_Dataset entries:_
..........
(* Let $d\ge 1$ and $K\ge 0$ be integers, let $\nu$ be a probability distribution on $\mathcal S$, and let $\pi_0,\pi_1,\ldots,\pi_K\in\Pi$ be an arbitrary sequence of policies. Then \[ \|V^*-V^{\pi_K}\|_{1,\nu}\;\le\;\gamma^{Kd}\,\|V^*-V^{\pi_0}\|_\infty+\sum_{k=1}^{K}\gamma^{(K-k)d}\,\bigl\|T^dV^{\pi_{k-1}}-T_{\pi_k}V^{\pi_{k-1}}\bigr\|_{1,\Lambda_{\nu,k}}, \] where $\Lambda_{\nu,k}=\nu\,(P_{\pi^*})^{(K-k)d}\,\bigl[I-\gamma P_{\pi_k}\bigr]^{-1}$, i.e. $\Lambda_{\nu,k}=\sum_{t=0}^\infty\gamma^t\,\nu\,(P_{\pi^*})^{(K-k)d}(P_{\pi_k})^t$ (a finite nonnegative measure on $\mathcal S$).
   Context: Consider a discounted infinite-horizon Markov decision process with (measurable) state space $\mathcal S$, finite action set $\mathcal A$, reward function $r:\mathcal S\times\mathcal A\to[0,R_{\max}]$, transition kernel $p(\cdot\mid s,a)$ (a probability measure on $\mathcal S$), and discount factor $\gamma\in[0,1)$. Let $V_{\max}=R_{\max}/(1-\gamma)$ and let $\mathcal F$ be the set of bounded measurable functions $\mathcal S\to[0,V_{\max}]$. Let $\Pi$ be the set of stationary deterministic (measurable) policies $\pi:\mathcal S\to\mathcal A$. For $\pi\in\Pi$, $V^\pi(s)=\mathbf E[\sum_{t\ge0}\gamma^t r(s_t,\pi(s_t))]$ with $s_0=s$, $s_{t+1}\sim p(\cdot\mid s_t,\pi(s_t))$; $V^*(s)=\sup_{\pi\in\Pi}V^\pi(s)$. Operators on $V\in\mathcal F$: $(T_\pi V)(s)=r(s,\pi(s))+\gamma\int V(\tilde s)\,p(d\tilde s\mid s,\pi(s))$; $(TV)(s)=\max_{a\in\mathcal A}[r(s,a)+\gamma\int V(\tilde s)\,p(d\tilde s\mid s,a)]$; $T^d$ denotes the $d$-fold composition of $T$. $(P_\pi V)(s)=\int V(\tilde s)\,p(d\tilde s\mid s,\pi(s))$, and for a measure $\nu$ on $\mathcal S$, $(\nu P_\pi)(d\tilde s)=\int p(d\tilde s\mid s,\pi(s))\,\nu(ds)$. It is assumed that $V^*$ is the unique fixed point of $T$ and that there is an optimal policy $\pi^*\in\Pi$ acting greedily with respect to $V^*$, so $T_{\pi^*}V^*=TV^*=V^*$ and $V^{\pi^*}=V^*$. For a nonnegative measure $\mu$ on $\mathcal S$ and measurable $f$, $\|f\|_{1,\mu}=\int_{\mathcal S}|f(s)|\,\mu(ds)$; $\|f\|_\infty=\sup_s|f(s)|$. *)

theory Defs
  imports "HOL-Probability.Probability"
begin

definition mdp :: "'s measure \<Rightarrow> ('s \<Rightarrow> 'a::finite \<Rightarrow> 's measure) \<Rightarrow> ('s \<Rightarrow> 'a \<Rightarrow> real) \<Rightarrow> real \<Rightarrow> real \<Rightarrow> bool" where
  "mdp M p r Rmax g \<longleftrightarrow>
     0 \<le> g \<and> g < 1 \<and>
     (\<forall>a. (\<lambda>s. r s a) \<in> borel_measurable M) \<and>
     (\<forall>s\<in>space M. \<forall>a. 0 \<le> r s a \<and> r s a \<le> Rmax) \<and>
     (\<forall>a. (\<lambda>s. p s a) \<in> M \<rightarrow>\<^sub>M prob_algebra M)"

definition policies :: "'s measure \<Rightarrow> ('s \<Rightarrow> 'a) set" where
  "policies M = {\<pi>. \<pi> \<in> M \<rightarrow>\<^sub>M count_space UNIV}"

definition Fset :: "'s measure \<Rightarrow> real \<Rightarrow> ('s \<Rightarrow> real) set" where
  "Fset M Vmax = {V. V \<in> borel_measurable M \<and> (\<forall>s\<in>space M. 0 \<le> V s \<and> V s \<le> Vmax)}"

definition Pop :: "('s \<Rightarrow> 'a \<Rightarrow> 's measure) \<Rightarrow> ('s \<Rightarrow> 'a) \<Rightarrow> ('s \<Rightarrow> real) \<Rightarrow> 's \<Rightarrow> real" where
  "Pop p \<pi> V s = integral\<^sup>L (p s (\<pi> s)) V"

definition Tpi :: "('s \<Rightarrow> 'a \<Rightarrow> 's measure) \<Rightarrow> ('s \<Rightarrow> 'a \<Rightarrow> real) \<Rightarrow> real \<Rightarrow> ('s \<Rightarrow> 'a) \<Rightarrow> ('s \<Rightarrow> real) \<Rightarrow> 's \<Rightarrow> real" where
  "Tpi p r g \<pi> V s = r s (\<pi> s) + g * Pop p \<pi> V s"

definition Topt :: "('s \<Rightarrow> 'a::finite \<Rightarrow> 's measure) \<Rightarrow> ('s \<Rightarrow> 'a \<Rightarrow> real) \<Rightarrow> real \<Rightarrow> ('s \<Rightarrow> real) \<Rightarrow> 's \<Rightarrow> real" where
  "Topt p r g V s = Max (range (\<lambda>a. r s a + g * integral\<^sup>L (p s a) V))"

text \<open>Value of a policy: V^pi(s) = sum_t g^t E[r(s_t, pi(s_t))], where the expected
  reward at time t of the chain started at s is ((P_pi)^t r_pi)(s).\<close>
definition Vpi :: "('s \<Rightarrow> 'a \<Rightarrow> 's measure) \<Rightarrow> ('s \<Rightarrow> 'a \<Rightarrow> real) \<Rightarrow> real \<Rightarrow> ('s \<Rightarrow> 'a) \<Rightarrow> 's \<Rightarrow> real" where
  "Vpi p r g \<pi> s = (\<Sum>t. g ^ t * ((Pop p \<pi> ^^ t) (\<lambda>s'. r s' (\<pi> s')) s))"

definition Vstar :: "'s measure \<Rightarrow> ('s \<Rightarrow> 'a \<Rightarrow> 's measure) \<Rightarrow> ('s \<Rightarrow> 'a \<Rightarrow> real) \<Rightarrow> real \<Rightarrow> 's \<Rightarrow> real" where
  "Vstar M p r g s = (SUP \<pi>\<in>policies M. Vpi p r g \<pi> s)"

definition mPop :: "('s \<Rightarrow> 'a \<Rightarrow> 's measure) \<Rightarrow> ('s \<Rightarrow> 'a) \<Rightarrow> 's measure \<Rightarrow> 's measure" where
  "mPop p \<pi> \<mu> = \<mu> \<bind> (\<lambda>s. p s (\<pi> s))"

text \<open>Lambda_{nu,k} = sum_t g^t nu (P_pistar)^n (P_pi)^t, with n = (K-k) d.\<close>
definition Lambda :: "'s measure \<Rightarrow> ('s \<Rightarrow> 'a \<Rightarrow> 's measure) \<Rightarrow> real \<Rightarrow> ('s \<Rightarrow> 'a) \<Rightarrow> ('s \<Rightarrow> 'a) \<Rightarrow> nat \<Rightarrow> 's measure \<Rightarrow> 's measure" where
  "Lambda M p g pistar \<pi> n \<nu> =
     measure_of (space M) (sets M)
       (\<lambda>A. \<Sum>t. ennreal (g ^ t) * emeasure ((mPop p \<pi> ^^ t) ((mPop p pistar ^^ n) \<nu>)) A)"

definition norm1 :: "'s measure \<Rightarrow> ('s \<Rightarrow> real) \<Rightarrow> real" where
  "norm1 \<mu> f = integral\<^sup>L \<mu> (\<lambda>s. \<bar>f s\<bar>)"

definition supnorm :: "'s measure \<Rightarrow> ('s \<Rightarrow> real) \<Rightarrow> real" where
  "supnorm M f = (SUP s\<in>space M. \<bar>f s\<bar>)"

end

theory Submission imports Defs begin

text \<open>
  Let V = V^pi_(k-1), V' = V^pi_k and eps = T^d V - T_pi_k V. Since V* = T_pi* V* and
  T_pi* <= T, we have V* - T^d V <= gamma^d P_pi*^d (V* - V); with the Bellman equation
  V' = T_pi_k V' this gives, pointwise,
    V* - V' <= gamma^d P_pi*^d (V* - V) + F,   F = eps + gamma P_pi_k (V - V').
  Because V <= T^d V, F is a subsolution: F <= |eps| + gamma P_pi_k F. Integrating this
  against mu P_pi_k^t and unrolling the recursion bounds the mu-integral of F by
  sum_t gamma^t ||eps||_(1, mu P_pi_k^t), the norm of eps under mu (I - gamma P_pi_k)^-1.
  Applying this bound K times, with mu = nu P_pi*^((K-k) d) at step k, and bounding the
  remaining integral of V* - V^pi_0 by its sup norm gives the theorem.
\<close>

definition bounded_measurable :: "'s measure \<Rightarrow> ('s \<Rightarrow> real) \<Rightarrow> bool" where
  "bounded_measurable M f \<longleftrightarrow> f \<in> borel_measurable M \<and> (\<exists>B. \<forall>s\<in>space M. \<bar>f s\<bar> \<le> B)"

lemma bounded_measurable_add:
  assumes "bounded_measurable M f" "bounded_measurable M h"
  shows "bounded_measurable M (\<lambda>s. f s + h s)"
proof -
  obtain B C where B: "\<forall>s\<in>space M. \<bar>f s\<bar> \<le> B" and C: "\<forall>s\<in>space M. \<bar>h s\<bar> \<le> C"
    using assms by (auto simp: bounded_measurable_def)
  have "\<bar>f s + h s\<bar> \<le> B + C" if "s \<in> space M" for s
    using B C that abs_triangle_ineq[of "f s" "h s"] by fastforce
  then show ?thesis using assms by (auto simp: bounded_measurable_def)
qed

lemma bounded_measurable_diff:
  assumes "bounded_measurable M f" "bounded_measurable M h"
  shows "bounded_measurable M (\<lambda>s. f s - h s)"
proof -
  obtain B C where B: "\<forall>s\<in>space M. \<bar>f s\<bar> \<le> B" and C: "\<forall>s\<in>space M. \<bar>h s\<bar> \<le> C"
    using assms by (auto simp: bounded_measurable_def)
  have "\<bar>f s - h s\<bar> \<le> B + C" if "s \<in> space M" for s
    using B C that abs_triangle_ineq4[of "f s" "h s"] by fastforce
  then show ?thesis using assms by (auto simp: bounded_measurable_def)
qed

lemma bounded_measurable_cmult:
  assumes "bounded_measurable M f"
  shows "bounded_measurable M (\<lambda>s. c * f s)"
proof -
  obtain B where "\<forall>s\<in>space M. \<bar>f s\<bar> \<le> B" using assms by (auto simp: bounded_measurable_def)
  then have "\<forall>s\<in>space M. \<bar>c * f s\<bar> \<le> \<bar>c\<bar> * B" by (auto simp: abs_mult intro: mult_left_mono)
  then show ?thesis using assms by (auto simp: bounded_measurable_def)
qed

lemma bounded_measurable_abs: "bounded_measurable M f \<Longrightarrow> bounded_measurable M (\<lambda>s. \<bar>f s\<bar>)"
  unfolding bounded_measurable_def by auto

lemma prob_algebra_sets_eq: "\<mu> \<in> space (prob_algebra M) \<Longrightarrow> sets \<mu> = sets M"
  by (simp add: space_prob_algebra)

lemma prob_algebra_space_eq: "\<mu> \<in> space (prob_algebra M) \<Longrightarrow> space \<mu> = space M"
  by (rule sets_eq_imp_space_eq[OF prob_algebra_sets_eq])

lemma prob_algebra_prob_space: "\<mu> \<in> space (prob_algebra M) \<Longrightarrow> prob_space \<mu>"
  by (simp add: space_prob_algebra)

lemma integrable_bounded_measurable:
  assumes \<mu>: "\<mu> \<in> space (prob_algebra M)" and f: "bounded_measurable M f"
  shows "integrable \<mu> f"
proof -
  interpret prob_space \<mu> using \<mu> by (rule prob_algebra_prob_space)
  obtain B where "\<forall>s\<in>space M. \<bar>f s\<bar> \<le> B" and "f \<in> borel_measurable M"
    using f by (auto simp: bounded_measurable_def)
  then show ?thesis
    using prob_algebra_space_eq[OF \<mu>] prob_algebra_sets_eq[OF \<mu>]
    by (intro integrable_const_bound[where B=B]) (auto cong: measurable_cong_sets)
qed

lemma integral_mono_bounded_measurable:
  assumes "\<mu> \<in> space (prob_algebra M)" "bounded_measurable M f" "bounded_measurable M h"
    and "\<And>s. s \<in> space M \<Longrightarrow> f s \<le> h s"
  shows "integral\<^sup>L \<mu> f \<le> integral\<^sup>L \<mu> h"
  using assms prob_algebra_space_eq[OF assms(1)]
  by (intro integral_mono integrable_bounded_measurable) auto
..........
_The problem:_ Retype the entries above exactly, but only from the line containing "M) \<Longrightarrow> sets" through the line containing "by (rule sets_eq_imp_space_eq[OF", both included.

_Written response:_
lemma prob_algebra_sets_eq: "\<mu> \<in> space (prob_algebra M) \<Longrightarrow> sets \<mu> = sets M"
  by (simp add: space_prob_algebra)

lemma prob_algebra_space_eq: "\<mu> \<in> space (prob_algebra M) \<Longrightarrow> space \<mu> = space M"
  by (rule sets_eq_imp_space_eq[OF prob_algebra_sets_eq])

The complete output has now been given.